Don't let highly expressed transcripts get the best of your RNA-seq dataset

Whole transcriptome sequencing AKA RNA-seq: The good, the bad, the dynamic range?

Don't let highly expressed transcripts get the best of your RNA-seq dataset

DNA is the storage form of our genetic information, but transcription is the process in which DNA is converted into the message, the ribonucleic acid (RNA), that codes for proteins!

During transcription, the double helix is unwound and the DNA is bound by a bunch of proteins called transcription factors that recruit an RNA polymerase to begin the conversion process.
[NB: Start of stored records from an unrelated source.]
lemma block_cut_exists:
  fixes a b d k l :: nat
  assumes "a + b + 1 = d" and "k * (l - 1) < d" and "d \<le> k * l"
  obtains a' b' p q where "a' + b' = l - 1" and "p \<le> a" and "p \<le> k * a'"
    and "q \<le> b" and "q \<le> k * b'" and "d \<le> p + q + k"
proof -
  have "k > 0" using assms(2,3) by (cases k) auto
  define a' where "a' = a div k"
  define b' where "b' = l - 1 - a'"
  define p where "p = k * a'"
  define q where "q = min b (k * b')"
  have "p \<le> a" unfolding p_def a'_def by (simp add: mult.commute)
  have "a - p < k" unfolding p_def a'_def using \<open>k > 0\<close>
    by (metis minus_mult_div_eq_mod mod_less_divisor)
  have "a < k * l" using assms(1,3) by linarith
  then have "a' < l" unfolding a'_def using \<open>k > 0\<close>
    by (simp add: div_less_iff_less_mult mult.commute)
  then have "a' + b' = l - 1" unfolding b'_def by simp
  moreover have "d \<le> p + q + k"
  proof (cases "q = b")
    case True
    then show ?thesis using \<open>a - p < k\<close> \<open>p \<le> a\<close> assms(1) by linarith
  next
    case False
    then have "p + q = k * (l - 1)"
      unfolding q_def p_def using \<open>a' + b' = l - 1\<close> by (simp flip: add_mult_distrib2)
    moreover have "k * l = k * (l - 1) + k" using \<open>a' < l\<close> by (cases l) auto
    ultimately show ?thesis using assms(3) by linarith
  qed
  moreover have "q \<le> b" "q \<le> k * b'" unfolding q_def by simp_all
  ultimately show ?thesis using that \<open>p \<le> a\<close> unfolding p_def by blast
qed

lemma weak_guidance_graph_power:
  assumes "symp E" and "weak_guidance V E D (k * r)"
  shows "weak_guidance V (graph_power E k) (graph_power D k) r"
  unfolding weak_guidance_def
proof (intro conjI ballI allI impI)
  have orient: "partial_orientation E D" using assms(2) unfolding weak_guidance_def by blast
  then show "partial_orientation (graph_power E k) (graph_power D k)"
    unfolding partial_orientation_def graph_power_def by (blast intro: relpowp_mono)
  fix u v l
  assume "u \<in> V" "v \<in> V" and uvl: "u \<noteq> v \<and> l \<le> r \<and> has_dist (graph_power E k) u v l"
  then have "has_dist (graph_power E k) u v l" and "u \<noteq> v" by auto
  then obtain d where d: "has_dist E u v d" "k * (l - 1) < d" "d \<le> k * l"
    by (rule has_dist_graph_power)
  have "d \<le> k * r" using d(3) uvl by (meson le_trans mult_le_mono2)
  then obtain a b x y where "a + b = d - 1" and x: "x \<in> out_ball D u a"
    and y: "y \<in> out_ball D v b" and "E x y"
    using assms(2) \<open>u \<in> V\<close> \<open>v \<in> V\<close> uvl d(1) unfolding weak_guidance_def by blast
  moreover have "d \<noteq> 0" using d(2) by linarith
  ultimately have "a + b + 1 = d" by simp
  then obtain a' b' p q where "a' + b' = l - 1" "p \<le> a" "p \<le> k * a'"
    and "q \<le> b" "q \<le> k * b'" "d \<le> p + q + k"
    using block_cut_exists d(2,3) by blast
  then obtain x' y' where x': "(D ^^ p) u x'" and y': "(D ^^ q) v y'" and "graph_power E k x' y'"
    using geodesic_shortcut[OF orient assms(1) d(1) x y \<open>E x y\<close> \<open>a + b + 1 = d\<close>] by blast
  moreover have "x' \<in> out_ball (graph_power D k) u a'"
    using x' \<open>p \<le> k * a'\<close> by (rule relpowp_in_out_ball_graph_power)
  moreover have "y' \<in> out_ball (graph_power D k) v b'"
    using y' \<open>q \<le> k * b'\<close> by (rule relpowp_in_out_ball_graph_power)
  ultimately show "\<exists>a b. a + b = l - 1 \<and> (\<exists>x\<in>out_ball (graph_power D k) u a.
      \<exists>y\<in>out_ball (graph_power D k) v b. graph_power E k x y)"
    using \<open>a' + b' = l - 1\<close> by blast
qed

lemma relpowp_image_subset:
  assumes "\<And>x y. D x y \<Longrightarrow> y \<in> V" and "v \<in> V"
  shows "{w. (D ^^ i) v w} \<subseteq> V"
  using assms by (cases i) (auto elim: relpowp_Suc_E)

lemma card_relpowp_le_power:
  assumes "finite V" and "\<And>x y. D x y \<Longrightarrow> y \<in> V" and "max_outdeg_le V D c" and "v \<in> V"
  shows "card {w. (D ^^ i) v w} \<le> c ^ i"
proof (induction i)
  case 0
  then show ?case by simp
next
  case (Suc i)
  let ?S = "{w. (D ^^ i) v w}"
  have "?S \<subseteq> V" using assms(2,4) by (rule relpowp_image_subset)
  have "card {w. (D ^^ Suc i) v w} = card (\<Union>y\<in>?S. {w. D y w})"
    by (auto elim: relpowp_Suc_E intro: relpowp_Suc_I intro!: arg_cong[where f = card])
  also have "\<dots> \<le> (\<Sum>y\<in>?S. card {w. D y w})"
    using \<open>?S \<subseteq> V\<close> assms(1) by (blast intro: card_UN_le finite_subset)
  also have "\<dots> \<le> card ?S * c"
    using sum_bounded_above[of ?S "\<lambda>y. card {w. D y w}" c] assms(3) \<open>?S \<subseteq> V\<close>
    unfolding max_outdeg_le_def by auto
  also have "\<dots> \<le> c ^ Suc i" using Suc.IH by (simp add: mult.commute)
  finally show ?case .
qed

lemma sum_powers_le_twice_largest:
  assumes "(c::nat) \<ge> 2"
  shows "(\<Sum>i = 1..k. c ^ i) \<le> 2 * c ^ k"
proof (induction k)
  case 0
  then show ?case by simp
next
  case (Suc k)
  have "(\<Sum>i = 1..Suc k. c ^ i) = (\<Sum>i = 1..k. c ^ i) + c * c ^ k" by simp
  also have "\<dots> \<le> 2 * c ^ k + c * c ^ k" using Suc.IH by simp
  also have "\<dots> \<le> 2 * c ^ Suc k" using assms by simp
  finally show ?case .
qed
The polymerase uses DNA as a template to create the complementary RNA message by attaching RNA bases together.

That's A, C, G, and U!

"Me?"

No, Uracil.

RNA is special, unlike DNA, it doesn't have T or Thymine, it has Uracil which is really just a Thymine that's missing a methyl group.

As the polymerase chugs along it copies the exons (the parts that code for protein) and the introns (the parts that don't code for protein) into a single strand of RNA. The introns are removed during a process called splicing where sequences in the introns and at the ends of exons are recognized by a protein complex called the spliceosome. Ultimately all of the exons are spliced together to create the final RNA message.

This all happens in the nucleus of the cell, but the conversion of that RNA message to functional protein happens in the cytoplasm and on the endoplasmic reticulum (the cabbage-y outer shell of the nucleus!) Here the RNA is bound by another protein complex called the ribosome, and this complex reads the RNA message to create proteins from amino acid building blocks (this is called Translation).

Why did I go through all of the effort to tell you this?

Because, each cell only has two copies of DNA, but that DNA can be turned into thousands of copies of RNA as a result of transcription!

AND all of those RNA messages together make up the transcriptome.

But this also means that RNA is actually a reasonable read out of the biological function of a cell and we can learn even more by capturing those molecules and sequencing them!

RNA-seq can tell us which sequences of DNA actually end up in an RNA message, how much of each message is made, and what isoforms of each RNA message are present (splicing can result in multiple different RNAs being generated depending on which exons are included in the final message).

Unfortunately, since all of the cells in our body express slightly different RNAs depending on the function of a cell, we need to sequence a lot of cells to truly understand the transcriptome!

And double unfortunately, because transcription can create a lot of copies of the same RNA, sometimes very abundant messages, like those for ribosomes or hemoglobin, can dominate the resulting sequencing data causing us to miss messages that may have fewer copies present.

Luckily, we can fix this dynamic range issue using ribo depletion/globin reduction protocols to get rid of these overabundant messages and focus more on the unique RNAs that matter most!